Let `A_(n) = int tan^(n) xdx, AA n in N`. If `A_(10) + A_(12) = (tan^(m)x)/(m) + lambda` (where `lambda` is an arbitrary constant), then the value of m is equal to

To solve the problem, we need to compute \( A_{10} + A_{12} \) where \( A_n = \int \tan^n x \, dx \). We will use integration techniques to find the value of \( m \) in the expression \( A_{10} + A_{12} = \frac{\tan^m x}{m} + \lambda \). ### Step-by-Step Solution: 1. **Define the Integrals**: \[ A_{10} = \int \tan^{10} x \, dx, \quad A_{12} = \int \tan^{12} x \, dx \] 2. **Combine the Integrals**: \[ A_{10} + A_{12} = \int \tan^{10} x \, dx + \int \tan^{12} x \, dx = \int (\tan^{10} x + \tan^{12} x) \, dx \] 3. **Factor Out \(\tan^{10} x\)**: \[ A_{10} + A_{12} = \int \tan^{10} x (1 + \tan^2 x) \, dx \] 4. **Use the Identity**: Since \( 1 + \tan^2 x = \sec^2 x \), we can rewrite the integral: \[ A_{10} + A_{12} = \int \tan^{10} x \sec^2 x \, dx \] 5. **Substitution**: Let \( t = \tan x \).

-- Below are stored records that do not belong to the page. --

lemma revlex_trans: assumes "revlex_gt s a b" "revlex_gt s b c" shows "revlex_gt s a c"
proof -
  obtain j where j: "j < s" "Poly_Mapping.lookup a j < Poly_Mapping.lookup b j"
    "\<forall>i. j < i \<and> i < s \<longrightarrow> Poly_Mapping.lookup a i = Poly_Mapping.lookup b i"
    using assms by (auto simp: revlex_gt_def)
  obtain k where k: "k < s" "Poly_Mapping.lookup b k < Poly_Mapping.lookup c k"
    "\<forall>i. k < i \<and> i < s \<longrightarrow> Poly_Mapping.lookup b i = Poly_Mapping.lookup c i"
    using assms by (auto simp: revlex_gt_def)
  show ?thesis
  proof (cases j k rule: linorder_cases)
    case less
    have "Poly_Mapping.lookup a k = Poly_Mapping.lookup b k" using j(3) less k(1) by blast
    moreover have "\<forall>i. k < i \<and> i < s \<longrightarrow> Poly_Mapping.lookup a i = Poly_Mapping.lookup c i"
      using j(3) k(3) less by force
    ultimately show ?thesis using k(1,2) unfolding revlex_gt_def by (intro exI[of _ k]) simp
  next
    case equal
    have "\<forall>i. k < i \<and> i < s \<longrightarrow> Poly_Mapping.lookup a i = Poly_Mapping.lookup c i"
      using j(3) k(3) equal by force
    moreover have "Poly_Mapping.lookup a k < Poly_Mapping.lookup c k" using j(2) k(2) equal by simp
    ultimately show ?thesis using k(1) unfolding revlex_gt_def by (intro exI[of _ k]) simp
  next
    case greater
    have "Poly_Mapping.lookup b j = Poly_Mapping.lookup c j" using k(3) greater j(1) by blast
    moreover have "\<forall>i. j < i \<and> i < s \<longrightarrow> Poly_Mapping.lookup a i = Poly_Mapping.lookup c i"
      using j(3) k(3) greater by force
    ultimately show ?thesis using j(1,2) unfolding revlex_gt_def by (intro exI[of _ j]) simp
  qed
qed

lemma revlex_total:
  assumes "supp_below s a" "supp_below s b" "a \<noteq> b"
  shows "revlex_gt s a b \<or> revlex_gt s b a"
proof -
  define P where "P j \<longleftrightarrow> j < s \<and> Poly_Mapping.lookup a j \<noteq> Poly_Mapping.lookup b j" for j
  obtain k where k: "Poly_Mapping.lookup a k \<noteq> Poly_Mapping.lookup b k"
    using assms(3) poly_mapping_eqI by metis
  then have "P k" using assms(1,2) unfolding P_def supp_below_def by (metis not_less)
  have bound: "P y \<Longrightarrow> y \<le> s" for y by (simp add: P_def)
  define j where "j = (GREATEST j. P j)"
  have Pj: "P j" unfolding j_def using \<open>P k\<close> bound by (rule GreatestI_nat)
  have above: "Poly_Mapping.lookup a i = Poly_Mapping.lookup b i" if "j < i" "i < s" for i
  proof (rule ccontr)
    assume "Poly_Mapping.lookup a i \<noteq> Poly_Mapping.lookup b i"
    then have "P i" using that(2) by (simp add: P_def)
    then have "i \<le> j" unfolding j_def using bound by (rule Greatest_le_nat)
    then show False using that(1) by simp
  qed
  show ?thesis
  proof (cases "Poly_Mapping.lookup a j < Poly_Mapping.lookup b j")
    case True
    then show ?thesis using Pj above unfolding revlex_gt_def P_def by blast
  next
    case False
    then have "Poly_Mapping.lookup b j < Poly_Mapping.lookup a j" using Pj by (simp add: P_def)
    then show ?thesis using Pj above unfolding revlex_gt_def P_def by (metis (full_types))
  qed
qed

lemma revlex_add_right: "revlex_gt s (a + r) (b + r) \<longleftrightarrow> revlex_gt s a b"
  by (simp add: revlex_gt_def lookup_add)

lemma finite_has_greatest_wrt:
  "finite S \<Longrightarrow> S \<noteq> {} \<Longrightarrow> (\<forall>x\<in>S.\<forall>y\<in>S.\<forall>z\<in>S. R x y \<longrightarrow> R y z \<longrightarrow> R x z) \<Longrightarrow>
   (\<forall>x\<in>S. \<forall>y\<in>S. x \<noteq> y \<longrightarrow> R x y \<or> R y x) \<Longrightarrow> \<exists>x\<in>S. \<forall>y\<in>S. y \<noteq> x \<longrightarrow> R x y"
proof (induction S rule: finite_ne_induct)
  case (singleton x) then show ?case by auto
next
  case (insert x F)
  have "\<exists>m\<in>F. \<forall>y\<in>F. y \<noteq> m \<longrightarrow> R m y"
    apply (rule insert.IH)
    using insert.prems(1) apply (simp only: Ball_def insert_iff) apply meson
    using insert.prems(2) apply (simp only: Ball_def insert_iff) apply meson done
  then obtain m where m: "m \<in> F" "\<forall>y\<in>F. y \<noteq> m \<longrightarrow> R m y" by blast
  have "x \<noteq> m" using insert.hyps m(1) by blast
  show ?case
  proof (cases "R x m")
    case True
    have "R x y" if "y \<in> insert x F" "y \<noteq> x" for y
    proof (cases "y = m")
      case True then show ?thesis using \<open>R x m\<close> by simp
    next
      case False
      then have "R m y" using m that by auto
      moreover have "x \<in> insert x F" "m \<in> insert x F" using m by auto
      ultimately show ?thesis using insert.prems(1)[rule_format, of x m y] \<open>R x m\<close> that(1) by simp
    qed
    then show ?thesis by blast
  next
    case False
    then have "R m x" using insert.prems(2)[rule_format, of x m] m \<open>x \<noteq> m\<close> by simp
    then show ?thesis using m by (intro bexI[of _ m]) auto
  qed
qed

section \<open>Polynomials and the initial ideal\<close>

lemma polyring_keys_supp_below: assumes "f \<in> polyring s" "e \<in> Poly_Mapping.keys f" shows "supp_below s e"
  unfolding supp_below_def
proof (intro allI impI)
  fix i assume "s \<le> i"
  show "Poly_Mapping.lookup e i = 0"
  proof (rule ccontr)
    assume "Poly_Mapping.lookup e i \<noteq> 0"
    then have "i \<in> Poly_Mapping.keys e" by (simp add: in_keys_iff)
    then have "i < s" using assms by (auto simp: polyring_def)
    then show False using \<open>s \<le> i\<close> by simp
  qed
qed

lemma polyringI: assumes "\<And>e. e \<in> Poly_Mapping.keys f \<Longrightarrow> supp_below s e" shows "f \<in> polyring s"
  unfolding polyring_def
proof (intro CollectI ballI)
  fix e i assume "e \<in> Poly_Mapping.keys f" "i \<in> Poly_Mapping.keys e"
  show "i < s"
  proof (rule ccontr)
    assume "\<not> i < s"
    then have "Poly_Mapping.lookup e i = 0" using assms[OF \<open>e \<in> _\<close>] by (simp add: supp_below_def)
    then show False using \<open>i \<in> Poly_Mapping.keys e\<close> by (simp add: in_keys_iff)
  qed
qed

lemma polyring_add: "f \<in> polyring s \<Longrightarrow> g \<in> polyring s \<Longrightarrow> f + g \<in> polyring s"
  by (rule polyringI) (use keys_add[of f g] polyring_keys_supp_below in blast)

lemma polyring_diff: "f \<in> polyring s \<Longrightarrow> g \<in> polyring s \<Longrightarrow> f - g \<in> polyring s"
  by (rule polyringI) (use keys_diff[of f g] polyring_keys_supp_below in blast)

lemma polyring_mult: "f \<in> polyring s \<Longrightarrow> g \<in> polyring s \<Longrightarrow> f * g \<in> polyring s"
  by (rule polyringI) (use keys_mult[of f g] polyring_keys_supp_below supp_below_add in blast)

lemma polyring_zero: "0 \<in> polyring s"
  by (simp add: polyring_def)

lemma polyring_sum:
  "finite A \<Longrightarrow> (\<And>x. x \<in> A \<Longrightarrow> f x \<in> polyring s) \<Longrightarrow> (\<Sum>x\<in>A. f x) \<in> polyring s"
  by (induction A rule: finite_induct) (auto intro: polyring_add polyring_zero)

lemma polyring_monomial: "supp_below s e \<Longrightarrow> (monomial_t e :: _ \<Rightarrow>\<^sub>0 'k::field) \<in> polyring s"
  by (rule polyringI) (simp add: monomial_t_def)

lemma polyring_one: "(1 :: (nat \<Rightarrow>\<^sub>0 nat) \<Rightarrow>\<^sub>0 'k::field) \<in> polyring s"
  by (rule polyringI) (simp add: supp_below_def)

lemma ideal_gen_subset_polyring: "G \<subseteq> polyring s \<Longrightarrow> ideal_gen s G \<subseteq> polyring s"
  by (auto simp: ideal_gen_def intro!: polyring_sum polyring_mult)

lemma lattice_ideal_subset_polyring: "lattice_ideal s L \<subseteq> polyring s"
  unfolding lattice_ideal_def
  by (rule ideal_gen_subset_polyring)
     (auto intro!: polyring_diff polyring_monomial supp_below_pos_part supp_below_neg_part)
text \<open>States live in a measure space SM, actions in a measure space AM
  (the base measure "d a" of the action integrals); the transition
  p s a s' is a probability density w.r.t. SM.\<close>

definition soft_V :: "'a measure \<Rightarrow> ('s \<Rightarrow> 'a \<Rightarrow> real) \<Rightarrow> 's \<Rightarrow> real" where
  "soft_V AM Q s = ln (\<integral>a. exp (Q s a) \<partial>AM)"

definition trans_exp ::
  "'s measure \<Rightarrow> ('s \<Rightarrow> 'a \<Rightarrow> 's \<Rightarrow> real) \<Rightarrow> 's \<Rightarrow> 'a \<Rightarrow> ('s \<Rightarrow> real) \<Rightarrow> real" where
  "trans_exp SM p s a f = (\<integral>s'. p s a s' * f s' \<partial>SM)"

definition transition_density ::
  "'s measure \<Rightarrow> 'a measure \<Rightarrow> ('s \<Rightarrow> 'a \<Rightarrow> 's \<Rightarrow> real) \<Rightarrow> bool" where
  "transition_density SM AM p \<longleftrightarrow>
     (\<forall>s\<in>space SM. \<forall>a\<in>space AM.
        p s a \<in> borel_measurable SM \<and> (\<forall>s'\<in>space SM. 0 \<le> p s a s') \<and>
        integrable SM (p s a) \<and> (\<integral>s'. p s a s' \<partial>SM) = 1)"

definition bounded_fun2 :: "('s \<Rightarrow> 'a \<Rightarrow> real) \<Rightarrow> 's set \<Rightarrow> 'a set \<Rightarrow> bool" where
  "bounded_fun2 f S A \<longleftrightarrow> (\<exists>B. \<forall>s\<in>S. \<forall>a\<in>A. \<bar>f s a\<bar> \<le> B)"

definition soft_backup ::
  "'s measure \<Rightarrow> 'a measure \<Rightarrow> ('s \<Rightarrow> 'a \<Rightarrow> 's \<Rightarrow> real) \<Rightarrow> real \<Rightarrow>
   ('s \<Rightarrow> 'a \<Rightarrow> real) \<Rightarrow> ('s \<Rightarrow> 'a \<Rightarrow> real) \<Rightarrow> 's \<Rightarrow> 'a \<Rightarrow> real" where
  "soft_backup SM AM p \<gamma> r Q s a = r s a + \<gamma> * trans_exp SM p s a (soft_V AM Q)"

text \<open>Optimal soft Q-function for reward r: the (unique) bounded fixed point of
  the soft Bellman backup (measurable, so that all integrals are meaningful).\<close>
definition optimal_soft_Q ::
  "'s measure \<Rightarrow> 'a measure \<Rightarrow> ('s \<Rightarrow> 'a \<Rightarrow> 's \<Rightarrow> real) \<Rightarrow> real \<Rightarrow>
   ('s \<Rightarrow> 'a \<Rightarrow> real) \<Rightarrow> ('s \<Rightarrow> 'a \<Rightarrow> real) \<Rightarrow> bool" where
  "optimal_soft_Q SM AM p \<gamma> r Q \<longleftrightarrow>
     bounded_fun2 Q (space SM) (space AM) \<and>
     (\<lambda>(s, a). Q s a) \<in> borel_measurable (SM \<Otimes>\<^sub>M AM) \<and>
     (\<forall>s\<in>space SM. \<forall>a\<in>space AM. Q s a = soft_backup SM AM p \<gamma> r Q s a)"

definition soft_policy :: "'a measure \<Rightarrow> ('s \<Rightarrow> 'a \<Rightarrow> real) \<Rightarrow> 's \<Rightarrow> 'a \<Rightarrow> real" where
  "soft_policy AM Q s a = exp (Q s a) / (\<integral>a'. exp (Q s a') \<partial>AM)"

definition renyi_half :: "'a measure \<Rightarrow> ('a \<Rightarrow> real) \<Rightarrow> ('a \<Rightarrow> real) \<Rightarrow> real" where
  "renyi_half AM P R = - 2 * ln (\<integral>a. sqrt (P a * R a) \<partial>AM)"

definition C_backup ::
  "'s measure \<Rightarrow> 'a measure \<Rightarrow> ('s \<Rightarrow> 'a \<Rightarrow> 's \<Rightarrow> real) \<Rightarrow> real \<Rightarrow>
   ('s \<Rightarrow> 'a \<Rightarrow> real) \<Rightarrow> ('s \<Rightarrow> 'a \<Rightarrow> real) \<Rightarrow> ('s \<Rightarrow> 'a \<Rightarrow> real) \<Rightarrow> 's \<Rightarrow> 'a \<Rightarrow> real" where
  "C_backup SM AM p \<gamma> Q1 Q2 C s a =
     \<gamma> * trans_exp SM p s a
       (\<lambda>s'. renyi_half AM (soft_policy AM Q1 s') (soft_policy AM Q2 s')
             + (SUP a'\<in>space AM. C s' a'))"

end

theory Submission imports Defs begin

text \<open>Write \<open>Q\<^sub>\<Sigma>\<close> for the average of the two optimal soft Q-functions and \<open>V\<^sub>1, V\<^sub>2, V\<^sub>\<Sigma>\<close> for
  the soft values. The Renyi divergence of the two optimal soft policies at \<open>s\<close> equals
  \<open>V\<^sub>1 s + V\<^sub>2 s - 2 V\<^sub>\<Sigma> s\<close>, and it is nonnegative because the Bhattacharyya coefficient is at most
  one (AM-GM). So \<open>V\<^sub>\<Sigma> \<le> (V\<^sub>1 + V\<^sub>2) / 2\<close>, which makes \<open>Q\<^sub>C - Q\<^sub>\<Sigma>\<close> at most \<open>\<gamma>\<close> times its own
  supremum; as \<open>\<gamma> < 1\<close> this forces \<open>Q\<^sub>C \<le> Q\<^sub>\<Sigma>\<close>. Conversely, adding the divergence back, the
  bounded function \<open>Q\<^sub>\<Sigma> - Q\<^sub>C - C\<close> is at most \<open>\<gamma>\<close> times its supremum, so \<open>Q\<^sub>\<Sigma> \<le> Q\<^sub>C + C\<close>.
  Both value inequalities follow since the soft value is monotone and commutes with adding
  constants.\<close>

definition bounded_measurable :: "'s measure \<Rightarrow> ('s \<Rightarrow> real) \<Rightarrow> bool" where
  "bounded_measurable M f \<longleftrightarrow> f \<in> borel_measurable M \<and> (\<exists>B. \<forall>x\<in>space M. \<bar>f x\<bar> \<le> B)"

definition bounded_measurable2 :: "'s measure \<Rightarrow> 'a measure \<Rightarrow> ('s \<Rightarrow> 'a \<Rightarrow> real) \<Rightarrow> bool" where
  "bounded_measurable2 M N Q \<longleftrightarrow>
     bounded_fun2 Q (space M) (space N) \<and> (\<lambda>(s, a). Q s a) \<in> borel_measurable (M \<Otimes>\<^sub>M N)"

lemma bounded_measurable_add:
  assumes "bounded_measurable M f" "bounded_measurable M g"
  shows "bounded_measurable M (\<lambda>x. f x + g x)"
proof -
  obtain B1 B2 where "\<forall>x\<in>space M. \<bar>f x\<bar> \<le> B1" "\<forall>x\<in>space M. \<bar>g x\<bar> \<le> B2"
    using assms unfolding bounded_measurable_def by blast
  then have "\<forall>x\<in>space M. \<bar>f x + g x\<bar> \<le> B1 + B2"
    by (auto intro: order.trans[OF abs_triangle_ineq] add_mono)
  with assms show ?thesis unfolding bounded_measurable_def by auto
qed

Then, \( dt = \sec^2 x \, dx \), so: \[ A_{10} + A_{12} = \int t^{10} \, dt \] 6. **Integrate**: \[ \int t^{10} \, dt = \frac{t^{11}}{11} + \lambda = \frac{\tan^{11} x}{11} + \lambda \] 7. **Compare with Given Expression**: We have: \[ A_{10} + A_{12} = \frac{\tan^{11} x}{11} + \lambda \] The problem states that: \[ A_{10} + A_{12} = \frac{\tan^m x}{m} + \lambda \] 8. **Identify \( m \)**: By comparing both expressions, we see that \( m = 11 \). ### Final Answer: The value of \( m \) is \( 11 \).